"It's Sam," he says softly.

Dean's hand stills on the curve of Sam's hip. "Get it through your head," he says gently but firmly, "when I call you Sammy, it's said with love and affection. Take it for what it is: a gift. Remember that no one but me gets to call you that. No one. It's mine. You're mine."

A slow smile creeps from the corners of Sam's mouth to his eyes, as his hand brushes across Dean's chest. "Possessive much?"

Dean answers by moving his hand again until it shapes and cups one of Sam's ass cheeks. Squeezing, he says, "Yeah. Got a problem with that?"

Sam leans in and kisses him slowly. "No," he says, still ghosting Dean's lips. Pulling back a little, Sam looks directly into Dean's eyes and holds his gaze.

"What are you thinking, little brother?"

Shrugging one shoulder, he gives a wry smile. "Just chick flick stuff. You don't wanna know."

The only thing that Dean hates more than chick flick moments is not being let in on a secret. A secret that has to do with him, anyway.

"Say it."

Sam sighs. "You sure?"

"Yeah."

"I love you." Before Dean can interrupt, he continues. "I realised I loved you before I left for Stanford. About a year before, actually. It made it harder and easier to leave."

"And Jessica?"

"I loved her. I'll always love her. But it wasn't the same."

"How was it different?" Dean asks, knowing his curiosity is sometimes self-destructive.

Sam pauses for a moment. Wow, Dean's actually talking about this. Another gift.

"Well, with you, it was…I don't really know how to describe it. Consuming. Wonderful. Terrible. Maybe that had something to do with thinking that it was all one-sided, and having to keep it hidden. So many times I just felt like I couldn't keep it to myself any longer. I nearly told you a half a dozen times, but I'd always come to my senses and realise that I couldn't have you hate me. I'd rather suffer in silence."

Dean drops his eyes briefly and smiles ruefully. "That's exactly how I felt. And then you left for Stanford. As much as I missed you, I thought it was the best thing for both of us because I constantly thought I was going to slip up and you'd realise how I felt about you. The thing is, it wasn't better, just different. You left, but my feelings didn't. When you were around, I was frustrated and always on my guard, but I was still happy. After you left, I was frustrated and miserable. Dad even had to tell me to snap out of it a couple of times."

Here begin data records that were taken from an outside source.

lemma budget_lin_sum:
  "budget_lin n m a (\<lambda>i. \<Sum>k\<in>K. w k * y k i) = (\<Sum>k\<in>K. w k * budget_lin n m a (y k))"
proof -
  have "(\<Sum>k\<in>K. w k * budget_lin n m a (y k)) =
     (\<Sum>j=1..n-1. \<Sum>k\<in>K. w k * (a j * ((real n - real j) * y k j + real j * y k (Suc j))))
     - (\<Sum>k\<in>K. w k * (real m * y k (Suc m)))"
    unfolding budget_lin_def
    by (simp only: right_diff_distrib sum_subtractf sum_distrib_left sum.swap[where A=K])
  also have "(\<Sum>j=1..n-1. \<Sum>k\<in>K. w k * (a j * ((real n - real j) * y k j + real j * y k (Suc j))))
     = (\<Sum>j=1..n-1. a j * ((real n - real j) * (\<Sum>k\<in>K. w k * y k j)
                             + real j * (\<Sum>k\<in>K. w k * y k (Suc j))))"
    by (rule sum.cong[OF refl])
       (simp add: sum_distrib_left sum.distrib distrib_left mult.assoc mult.left_commute)
  also have "(\<Sum>k\<in>K. w k * (real m * y k (Suc m))) = real m * (\<Sum>k\<in>K. w k * y k (Suc m))"
    by (simp add: sum_distrib_left mult.left_commute)
  finally show ?thesis unfolding budget_lin_def by simp
qed

section \<open>Welfare of efficient allocations\<close>

lemma valuation_sum:
  "S \<subseteq> {..<n} \<Longrightarrow> (\<Sum>j<n. valuation S j (\<theta> j)) = (\<Sum>j\<in>S. \<theta> j)"
proof -
  assume S: "S \<subseteq> {..<n}"
  have "(\<Sum>j<n. valuation S j (\<theta> j)) = sum \<theta> ({..<n} \<inter> S)"
    by (simp add: valuation_def sum.inter_restrict)
  also have "{..<n} \<inter> S = S" using S by auto
  finally show ?thesis .
qed

lemma subset_sum_le_top_sum:
  assumes S: "S \<subseteq> {..<n}" and cS: "card S = m" and m: "1 \<le> m" "m \<le> n"
  shows "(\<Sum>j\<in>S. \<theta> j) \<le> top_sum n m \<theta>"
proof -
  define as where "as = sort (map \<theta> [0..<n])"
  have las: "length as = n" and sas: "sorted as" by (simp_all add: as_def)
  define \<tau> where "\<tau> = as ! (n - m)"
  \<comment> \<open>the \<open>m\<close>-th highest bid \<open>\<tau>\<close> serves as a threshold: \<open>\<theta> j \<le> \<tau> + (\<theta> j - \<tau>)\<^sup>+\<close>\<close>
  have "(\<Sum>j\<in>S. \<theta> j) \<le> (\<Sum>j\<in>S. \<tau> + max (\<theta> j - \<tau>) 0)"
    by (rule sum_mono) simp
  also have "\<dots> = real m * \<tau> + (\<Sum>j\<in>S. max (\<theta> j - \<tau>) 0)"
    by (simp add: sum.distrib cS)
  also have "(\<Sum>j\<in>S. max (\<theta> j - \<tau>) 0) \<le> (\<Sum>j<n. max (\<theta> j - \<tau>) 0)"
    by (rule sum_mono2) (use S in auto)
  also have "(\<Sum>j<n. max (\<theta> j - \<tau>) 0) = (\<Sum>p<n. max (as ! p - \<tau>) 0)"
    unfolding as_def by (rule sum_over_sorted_profile)
  also have "\<dots> = (\<Sum>p\<in>{n-m..<n}. as ! p - \<tau>)"
  proof -
    have "max (as ! p - \<tau>) 0 = (if n - m \<le> p then as ! p - \<tau> else 0)" if "p < n" for p
      using sorted_nth_mono[OF sas, of "n - m" p] sorted_nth_mono[OF sas, of p "n - m"] that m las
      by (auto simp: \<tau>_def)
    then have "(\<Sum>p<n. max (as ! p - \<tau>) 0) = (\<Sum>p\<in>{..<n} \<inter> {p. n - m \<le> p}. as ! p - \<tau>)"
      by (simp add: sum.inter_restrict)
    also have "{..<n} \<inter> {p. n - m \<le> p} = {n-m..<n}" by auto
    finally show ?thesis .
  qed
  also have "\<dots> = (\<Sum>p\<in>{n-m..<n}. as ! p) - real m * \<tau>"
    using m by (simp add: sum_subtractf)
  also have "(\<Sum>p\<in>{n-m..<n}. as ! p) = (\<Sum>j=1..m. as ! (n - j))"
    by (rule sum.reindex_bij_witness[where i="\<lambda>p. n - p" and j="\<lambda>p. n - p"]) (use m in auto)
  also have "\<dots> = top_sum n m \<theta>"
    unfolding top_sum_def as_def using m by (intro sum.cong[OF refl]) (simp add: ord_stat_conv_sort)
  finally show ?thesis by simp
qed

lemma efficient_welfare_le_top_sum:
  assumes "efficient n m L U f" "\<theta> \<in> type_profiles n L U" "1 \<le> m" "m \<le> n"
  shows "(\<Sum>j<n. valuation (f \<theta>) j (\<theta> j)) \<le> top_sum n m \<theta>"
proof -
  have "f \<theta> \<in> decisions n m" using assms(1,2) by (simp add: efficient_def)
  then have S: "f \<theta> \<subseteq> {..<n}" "card (f \<theta>) = m" by (simp_all add: decisions_def)
  then show ?thesis using subset_sum_le_top_sum[OF S assms(3,4)] valuation_sum[OF S(1)] by simp
qed

lemma ord_stat_antimono_profile:
  assumes dec: "\<And>i j. i \<le> j \<Longrightarrow> j < n \<Longrightarrow> \<theta> j \<le> \<theta> i" and j: "1 \<le> j" "j \<le> n"
  shows "ord_stat n \<theta> j = \<theta> (j - 1)"
proof -
  have "sort (map \<theta> [0..<n]) = rev (map \<theta> [0..<n])"
    by (rule properties_for_sort) (simp_all add: sorted_iff_nth_mono rev_nth dec)
  then show ?thesis using j by (simp add: ord_stat_conv_sort rev_nth)
qed

lemma efficient_welfare_antimono_profile:
  assumes "efficient n m L U f" "\<theta> \<in> type_profiles n L U" "1 \<le> m" "m \<le> n"
    and dec: "\<And>i j. i \<le> j \<Longrightarrow> j < n \<Longrightarrow> \<theta> j \<le> \<theta> i"
  shows "top_sum n m \<theta> \<le> (\<Sum>j<n. valuation (f \<theta>) j (\<theta> j))"
proof -
  have d: "{..<m} \<in> decisions n m" using assms by (auto simp: decisions_def)
  have "(\<Sum>j<n. valuation {..<m} j (\<theta> j)) \<le> (\<Sum>j<n. valuation (f \<theta>) j (\<theta> j))"
    using assms(1,2) d by (simp add: efficient_def)
  moreover have "(\<Sum>j<n. valuation {..<m} j (\<theta> j)) = (\<Sum>j<m. \<theta> j)"
    using assms by (subst valuation_sum) auto
  moreover have "top_sum n m \<theta> = (\<Sum>j<m. \<theta> j)"
  proof -
    have "top_sum n m \<theta> = (\<Sum>j=1..m. \<theta> (j - 1))"
      unfolding top_sum_def using assms
      by (intro sum.cong[OF refl]) (simp add: ord_stat_antimono_profile)
    also have "\<dots> = (\<Sum>j<m. \<theta> j)"
      by (rule sum.reindex_bij_witness[where i="\<lambda>j. j + 1" and j="\<lambda>j. j - 1"]) auto
    finally show ?thesis .
  qed
  ultimately show ?thesis by simp
qed

section \<open>Vertex budgets\<close>

text \<open>The \<open>k\<close>-th vertex of the ordered type cube: \<open>k\<close> order statistics equal to \<open>U\<close>, the
  others to \<open>L\<close>; \<open>vertex_budget\<close> is the budget there (\<open>V\<^sub>k\<close> in the overview).\<close>
definition vertex :: "real \<Rightarrow> real \<Rightarrow> nat \<Rightarrow> nat \<Rightarrow> real" where
  "vertex L U k i = (if i \<le> k then U else L)"

definition vertex_budget :: "nat \<Rightarrow> nat \<Rightarrow> real \<Rightarrow> real \<Rightarrow> (nat \<Rightarrow> real) \<Rightarrow> nat \<Rightarrow> real" where
  "vertex_budget n m L U a k = budget n m a (vertex L U k)"

text \<open>Feasibility at the vertex profiles (where efficiency costs nothing) means
  \<open>V\<^sub>k \<le> 0\<close>.\<close>
lemma vertex_budget_nonpos:
  assumes eff: "efficient n m L U f" and fe: "feasible n L U (linear_mech n m f a)"
    and m: "1 \<le> m" "m < n" and LU: "L \<le> U"
  shows "vertex_budget n m L U a k \<le> 0"
proof -
  define \<theta> where "\<theta> j = (if j < k then U else L)" for j
  have tp: "\<theta> \<in> type_profiles n L U" using LU by (simp add: type_profiles_def \<theta>_def)
  have dec: "\<And>i j. i \<le> j \<Longrightarrow> j < n \<Longrightarrow> \<theta> j \<le> \<theta> i"
    using LU by (simp add: \<theta>_def)
  have "(\<Sum>i<n. linear_mech n m f a i \<theta>) \<le> 0" using fe tp by (simp add: feasible_def)
  moreover have "top_sum n m \<theta> \<le> (\<Sum>j<n. valuation (f \<theta>) j (\<theta> j))"
    using efficient_welfare_antimono_profile[OF eff tp] m dec by simp
  moreover have "1 \<le> real n" using m by simp
  ultimately have "budget n m a (ord_stat n \<theta>) \<le> 0"
    using total_transfer[OF m, of f a \<theta>] by (smt (verit) mult_nonneg_nonneg)
  moreover have "budget n m a (ord_stat n \<theta>) = vertex_budget n m L U a k"
    unfolding vertex_budget_def using m
    by (intro budget_cong) (auto simp: ord_stat_antimono_profile[OF dec] \<theta>_def vertex_def)
  ultimately show ?thesis by simp
qed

Sam's eyes sharpen. "He didn't…"

Dean interprets Sam's question. "No. God no. If he knew, he would've beaten the crap outta me. And then he would've really hurt me."

"I wonder…I wonder whether we still would've ended up together if dad hadn't made you my protector. If we had all gone to live with Pastor Jim, or Missouri, instead of it being just the two of us most of the time." He shrugs. "Just thinking out loud."

Dean moves his hand over the swell of Sam's buttock to his lower back, and lazily follows the dip and hardness of his muscles, up and down. "I dunno, Sammy; maybe. But I'd always trade a more normal upbringing for the one we had because it's brought us here. I can't imagine that I'd be happier in anyone else's arms." Feeling uncomfortable with his last statement, he adds, "And that's as girly as I'm gonna get."

Sam chuckles, before leaning in again to claim his lover's lips.

Reluctantly pulling back a minute later, Dean looks into Sam's eyes. "Sam…I love you, too."

Sam smiles. "I know. And it's Sammy."